(* There exists $p\in\mathcal P$ such that $D_{\mu(p)}(p)\neq N$ and $D_{\mu(p)}(p)\cap D_{\mu(p^r)}(p^r)\neq\varnothing$ if and only if $(h,n)\notin T_3$, where $T_3=\{(h,n): n=2\}\cup\{(3,3)\}$.
   Context: Let $n,h\ge2$ be integers, $N=\{1,\dots,n\}$, $H=\{1,\dots,h\}$. $\mathcal P$ is the set of $h$-tuples $p=(p_1,\dots,p_h)$ of linear orders on $N$; $p^r$ is obtained by reversing each $p_i$; $x>_{p_i}y$ means $x\ne y$ and $p_i$ ranks $x$ above $y$. For an integer $\mu$ with $h/2<\mu\le h$, $D_\mu(p)=\{x\in N: \forall y\in N,\ |\{i: y>_{p_i}x\}|<\mu\}$, and $\mu(p)=\min\{\mu\in\mathbb N\cap(h/2,h]: D_\mu(p)\neq\varnothing\}$. *)

theory Defs
  imports Main
begin

(* A linear order on N is a relation r with (a,b) \<in> r meaning "a is ranked at or below b".
   x >_r y : x \<noteq> y and r ranks x above y. *)
definition above :: "(nat \<times> nat) set \<Rightarrow> nat \<Rightarrow> nat \<Rightarrow> bool" where
  "above r x y \<longleftrightarrow> x \<noteq> y \<and> (y, x) \<in> r"

definition profiles :: "nat \<Rightarrow> nat \<Rightarrow> (nat \<Rightarrow> (nat \<times> nat) set) set" where
  "profiles n h = {p. \<forall>i\<in>{1..h}. linear_order_on {1..n} (p i)}"

definition rev_profile :: "(nat \<Rightarrow> (nat \<times> nat) set) \<Rightarrow> (nat \<Rightarrow> (nat \<times> nat) set)" where
  "rev_profile p = (\<lambda>i. converse (p i))"

definition Dmu :: "nat \<Rightarrow> nat \<Rightarrow> nat \<Rightarrow> (nat \<Rightarrow> (nat \<times> nat) set) \<Rightarrow> nat set" where
  "Dmu n h \<mu> p = {x \<in> {1..n}. \<forall>y\<in>{1..n}. card {i \<in> {1..h}. above (p i) y x} < \<mu>}"

definition mu_of :: "nat \<Rightarrow> nat \<Rightarrow> (nat \<Rightarrow> (nat \<times> nat) set) \<Rightarrow> nat" where
  "mu_of n h p = (LEAST \<mu>. h < 2 * \<mu> \<and> \<mu> \<le> h \<and> Dmu n h \<mu> p \<noteq> {})"

definition T3 :: "(nat \<times> nat) set" where
  "T3 = {(h, n). n = 2} \<union> {(3, 3)}"

end

theory Submission
  imports Defs
begin

(* Write votes y x for the number of voters ranking y above x; for distinct x and y the two
   counts add up to h, and reversing the profile swaps them.
   For n = 2, an alternative z outside D_mu(p)(p) is beaten by the other alternative x with at
   least mu(p) votes; then z lies in D_mu(p)(p^r), so mu(p^r) <= mu(p), which keeps x out of
   D_mu(p^r)(p^r).
   For h = n = 3, a majority winner of p leaves one of the two other alternatives as a majority
   winner of p^r, and no alternative is a majority winner of both; so a common element forces
   mu(p) = mu(p^r) = 3. An alternative outside D_3(p) is then beaten unanimously, and the absence
   of majority winners in p and in p^r produces a voter with a cyclic preference.
   In all other cases take h div 2 voters with each of the orders 1 2 3 n ... 4 and
   2 3 n ... 4 1, plus one voter 3 n ... 4 1 2 if h is odd. Alternative 1 beats, and is beaten
   by, each other alternative with at most h div 2 + h mod 2 votes; for odd h every alternative
   beats and is beaten by another one with a strict majority (the cycle 1 > 2 > 3 > 1 and
   3 > z > 1 for z >= 4). Hence mu(p) = mu(p^r) = h div 2 + 1 + h mod 2 with 1 in both sets,
   while 2 (for n = 3) or 3 (for n >= 4) beats its successor with that many votes. *)

definition votes :: "nat \<Rightarrow> (nat \<Rightarrow> (nat \<times> nat) set) \<Rightarrow> nat \<Rightarrow> nat \<Rightarrow> nat" where
  "votes h p y x = card {i \<in> {1..h}. above (p i) y x}"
__________
### What is being asked
Every entry must be output again exactly as it was given.

### Completed exercise
(* There exists $p\in\mathcal P$ such that $D_{\mu(p)}(p)\neq N$ and $D_{\mu(p)}(p)\cap D_{\mu(p^r)}(p^r)\neq\varnothing$ if and only if $(h,n)\notin T_3$, where $T_3=\{(h,n): n=2\}\cup\{(3,3)\}$.
   Context: Let $n,h\ge2$ be integers, $N=\{1,\dots,n\}$, $H=\{1,\dots,h\}$. $\mathcal P$ is the set of $h$-tuples $p=(p_1,\dots,p_h)$ of linear orders on $N$; $p^r$ is obtained by reversing each $p_i$; $x>_{p_i}y$ means $x\ne y$ and $p_i$ ranks $x$ above $y$. For an integer $\mu$ with $h/2<\mu\le h$, $D_\mu(p)=\{x\in N: \forall y\in N,\ |\{i: y>_{p_i}x\}|<\mu\}$, and $\mu(p)=\min\{\mu\in\mathbb N\cap(h/2,h]: D_\mu(p)\neq\varnothing\}$. *)

theory Defs
  imports Main
begin

(* A linear order on N is a relation r with (a,b) \<in> r meaning "a is ranked at or below b".
   x >_r y : x \<noteq> y and r ranks x above y. *)
definition above :: "(nat \<times> nat) set \<Rightarrow> nat \<Rightarrow> nat \<Rightarrow> bool" where
  "above r x y \<longleftrightarrow> x \<noteq> y \<and> (y, x) \<in> r"

definition profiles :: "nat \<Rightarrow> nat \<Rightarrow> (nat \<Rightarrow> (nat \<times> nat) set) set" where
  "profiles n h = {p. \<forall>i\<in>{1..h}. linear_order_on {1..n} (p i)}"

definition rev_profile :: "(nat \<Rightarrow> (nat \<times> nat) set) \<Rightarrow> (nat \<Rightarrow> (nat \<times> nat) set)" where
  "rev_profile p = (\<lambda>i. converse (p i))"

definition Dmu :: "nat \<Rightarrow> nat \<Rightarrow> nat \<Rightarrow> (nat \<Rightarrow> (nat \<times> nat) set) \<Rightarrow> nat set" where
  "Dmu n h \<mu> p = {x \<in> {1..n}. \<forall>y\<in>{1..n}. card {i \<in> {1..h}. above (p i) y x} < \<mu>}"

definition mu_of :: "nat \<Rightarrow> nat \<Rightarrow> (nat \<Rightarrow> (nat \<times> nat) set) \<Rightarrow> nat" where
  "mu_of n h p = (LEAST \<mu>. h < 2 * \<mu> \<and> \<mu> \<le> h \<and> Dmu n h \<mu> p \<noteq> {})"

definition T3 :: "(nat \<times> nat) set" where
  "T3 = {(h, n). n = 2} \<union> {(3, 3)}"

end

theory Submission
  imports Defs
begin

(* Write votes y x for the number of voters ranking y above x; for distinct x and y the two
   counts add up to h, and reversing the profile swaps them.
   For n = 2, an alternative z outside D_mu(p)(p) is beaten by the other alternative x with at
   least mu(p) votes; then z lies in D_mu(p)(p^r), so mu(p^r) <= mu(p), which keeps x out of
   D_mu(p^r)(p^r).
   For h = n = 3, a majority winner of p leaves one of the two other alternatives as a majority
   winner of p^r, and no alternative is a majority winner of both; so a common element forces
   mu(p) = mu(p^r) = 3. An alternative outside D_3(p) is then beaten unanimously, and the absence
   of majority winners in p and in p^r produces a voter with a cyclic preference.
   In all other cases take h div 2 voters with each of the orders 1 2 3 n ... 4 and
   2 3 n ... 4 1, plus one voter 3 n ... 4 1 2 if h is odd. Alternative 1 beats, and is beaten
   by, each other alternative with at most h div 2 + h mod 2 votes; for odd h every alternative
   beats and is beaten by another one with a strict majority (the cycle 1 > 2 > 3 > 1 and
   3 > z > 1 for z >= 4). Hence mu(p) = mu(p^r) = h div 2 + 1 + h mod 2 with 1 in both sets,
   while 2 (for n = 3) or 3 (for n >= 4) beats its successor with that many votes. *)

definition votes :: "nat \<Rightarrow> (nat \<Rightarrow> (nat \<times> nat) set) \<Rightarrow> nat \<Rightarrow> nat \<Rightarrow> nat" where
  "votes h p y x = card {i \<in> {1..h}. above (p i) y x}"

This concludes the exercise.